Olbrzymie perspektywy odkrył nowy system gospodarczy. Dostrzegli je zarówno właściciele przedsiębiorstw, jak i ich pracownicy. Siły i możliwości tkwiące w wolnym rynku pobudziły chęci społeczne do zakładania własnych działalności i indywidualnego wzbogacenia się bez oglądania się na państwo. Jednostki które w poprzednim systemie prezentowały bierną postawę, w tym przedstawiają się od tej dobrej strony, ukazując samodzielność w podejmowaniu decyzji, przedsiębiorczość i efektywność ekonomiczną.

Wydaje mi się, że przedstawiona przeze mnie analiza podstawowych zasad, którymi kierowała się gospodarka rynkowa i planowa powinna zwrócić uwagę, chociaż niektórych z was do przyjrzenia się obecnej sytuacji gospodarczej kraju. Odrzucając system planowy, zastanówmy się czy pewne elementy "państwa opiekuńczego", nie warto by było włączyć do gospodarki rynkowej. To bardzo ważny element, szczególnie dla potrzeb jednostki, który w gospodarce rynkowej znajduje się gdzieś w tyle przez nikogo już nie zauważany.

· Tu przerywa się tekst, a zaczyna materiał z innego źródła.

text \<open>A non-archimedean local field of characteristic zero: a field of characteristic 0
  with a normalized non-archimedean absolute value v, discretely valued with uniformizer
  \<open>\<pi>\<close>, complete, and with finite residue field of cardinality q, normalized so that
  v \<pi> = 1/q.\<close>
definition nonarch_local_field :: "('a::field_char_0 \<Rightarrow> real) \<Rightarrow> 'a \<Rightarrow> bool" where
  "nonarch_local_field v \<pi> \<longleftrightarrow>
     (\<forall>x. 0 \<le> v x) \<and> (\<forall>x. v x = 0 \<longleftrightarrow> x = 0) \<and>
     (\<forall>x y. v (x * y) = v x * v y) \<and>
     (\<forall>x y. v (x + y) \<le> max (v x) (v y)) \<and>
     0 < v \<pi> \<and> v \<pi> < 1 \<and>
     (\<forall>x. x \<noteq> 0 \<longrightarrow> (\<exists>n::int. v x = v \<pi> powi n)) \<and>
     (\<forall>s :: nat \<Rightarrow> 'a. (\<forall>e>0. \<exists>N. \<forall>m\<ge>N. \<forall>n\<ge>N. v (s m - s n) < e) \<longrightarrow>
          (\<exists>L. \<forall>e>0. \<exists>N. \<forall>n\<ge>N. v (s n - L) < e)) \<and>
     finite ((\<lambda>x. {y. v y \<le> 1 \<and> v (y - x) < 1}) ` {x. v x \<le> 1}) \<and>
     v \<pi> = 1 / real (card ((\<lambda>x. {y. v y \<le> 1 \<and> v (y - x) < 1}) ` {x. v x \<le> 1}))"

text \<open>Schwartz--Bruhat functions on F: locally constant with compact (= bounded) support.\<close>
definition nonarch_schwartz :: "('a::field_char_0 \<Rightarrow> real) \<Rightarrow> ('a \<Rightarrow> complex) \<Rightarrow> bool" where
  "nonarch_schwartz v f \<longleftrightarrow>
     (\<forall>x. \<exists>e>0. \<forall>y. v (y - x) < e \<longrightarrow> f y = f x) \<and>
     (\<exists>R. \<forall>x. R < v x \<longrightarrow> f x = 0)"

definition nonarch_schwartz2 :: "('a::field_char_0 \<Rightarrow> real) \<Rightarrow> ('a \<times> 'a \<Rightarrow> complex) \<Rightarrow> bool" where
  "nonarch_schwartz2 v \<phi> \<longleftrightarrow>
     (\<forall>x y. \<exists>e>0. \<forall>x' y'. v (x' - x) < e \<and> v (y' - y) < e \<longrightarrow> \<phi> (x', y') = \<phi> (x, y)) \<and>
     (\<exists>R. \<forall>x y. R < max (v x) (v y) \<longrightarrow> \<phi> (x, y) = 0)"

definition H_na :: "'a::field_char_0 \<Rightarrow> ('a \<times> 'a \<Rightarrow> complex) \<Rightarrow> 'a \<Rightarrow> ennreal" where
  "H_na \<pi> \<phi> a = (\<integral>\<^sup>+ b. ennreal (norm (\<phi> (a * \<pi> powi b, \<pi> powi (- b)))) \<partial>count_space (UNIV :: int set))"

end

theory Submission
  imports Defs "HOL-Computational_Algebra.Polynomial"
begin

text \<open>Real case. Along the hyperbola (a t, 1/t) the Schwartz bounds |\<phi>| \<le> N00,
  y^2 |\<phi>| \<le> N02 and x^2 |\<phi>| \<le> N20 give the majorant N02 on (0, 1], N00 / t on [1, 1/|a|] and
  N20 / (a^2 t^3) beyond for |\<phi>(a t, 1/t)| / t, so H(a) \<le> N02 + N20/2 + N00 log max(1, 1/|a|);
  the logarithm is absorbed by |log |a|| times a Gaussian.

  Non-archimedean case. \<phi> is locally constant with support in a box of radius |\<pi>|^-K, and such
  a box is compact (the residue field is finite and F is complete), so \<phi> is bounded by some M.
  If |a| = |\<pi>|^n, only the 2K + n + 1 indices -K - n \<le> b \<le> K contribute to H(a), and the part
  n M of the bound is |log |a|| times a multiple of the indicator of the unit disc.\<close>

lemma power_div_fact_le_exp:
  fixes y :: real
  assumes "0 \<le> y"
  shows "y ^ m / fact m \<le> exp y"
proof -
  have "summable (\<lambda>n. inverse (fact n) * y ^ n)"
    using summable_exp_generic[of y] by (simp add: divide_inverse ac_simps)
  then have "inverse (fact m) * y ^ m \<le> (\<Sum>n. inverse (fact n) * y ^ n)"
    using assms by (intro sum_le_suminf[of _ "{m}", simplified]) auto
  then show ?thesis
    by (simp add: exp_def divide_inverse ac_simps)
qed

Przekładając te dwa systemy rynkowe na jednostkę ludzką można dojść do ciekawych wniosków.

W latach 80- tych gdy uczęszczałam do szkoły, nie dało się odczuć negatywnych skutków gospodarki planowej. Państwo pozwalało na realizację potrzeb z górnej półki "piramidy Maslowa", do których zaliczamy potrzeby samorealizacji np. bezpłatny dostęp do szkolnictwa oraz różnego rodzaju rozwoju intelektualnego. Opieka państwa w stosunku do zwykłego obywatela była w pełni realizowana. Odbywały się różnego rodzaju zajęcia pozalekcyjne, działały organizacje młodzieżowe, czy domy kultury. Na tym etapie mojego życia w pełni korzystałam z tego rodzaju możliwości poszerzenia mojej wiedzy i w pewnym stopniu samorealizacji. Natomiast wysiłki pracujących obywateli skierowane były na realizację potrzeb fizjologicznych, które znajdowały się u podstawy potrzeb w "piramidzie Maslowa". Obecnie wszystkie wysiłki idą również w kierunku zaspokojenia potrzeb z dolnej półki "piramidy", lecz gospodarka rynkowa nie jest już w stanie zapewnić nam potrzeb ze szczytu piramidy. W systemie w którym żyjemy to wyłącznie od nas zależy nasz umiejscowienie. Cieszy mnie jeden fakt, który pozwolił mi na swoistego rodzaju zabranie z obu systemów tego co najlepsze, a mianowicie ze starego wykształcenia, i samorealizacji, a z nowego przedsiębiorczości, kreatywności które pozwoliły na odnalezienie i przetrwanie w nowym systemie, gospodarki rynkowej. Faktem jest, że nowa forma gospodarki również posiada wady i niedoskonałości i niektórym jednostką trudno przyzwyczaić się do nowej sytuacji i nowego sposobu życia. Jeżeli w starym systemie mogli, biernie podporządkować się ówczesnej władzy, i praktycznie nie martwić się o nic, ponieważ wszystko otrzymali od państwa, tak w gospodarce rynkowej muszą nieźle się namęczyć, gdyż ta forma organizowania gospodarki wymaga od obywateli konsekwencji w działaniu i elastyczności. Według mnie najlepszym rozwiązaniem było by staranie się o wprowadzenie gospodarki rynkowej zawierającej pewne elementy "państwa opiekuńczego". Dzięki połączeniu pewnych elementów z tych dwóch systemów otrzymalibyśmy społeczną gospodarkę rynkową, podobną do niemieckiej wprowadzonej po II wojnie światowej.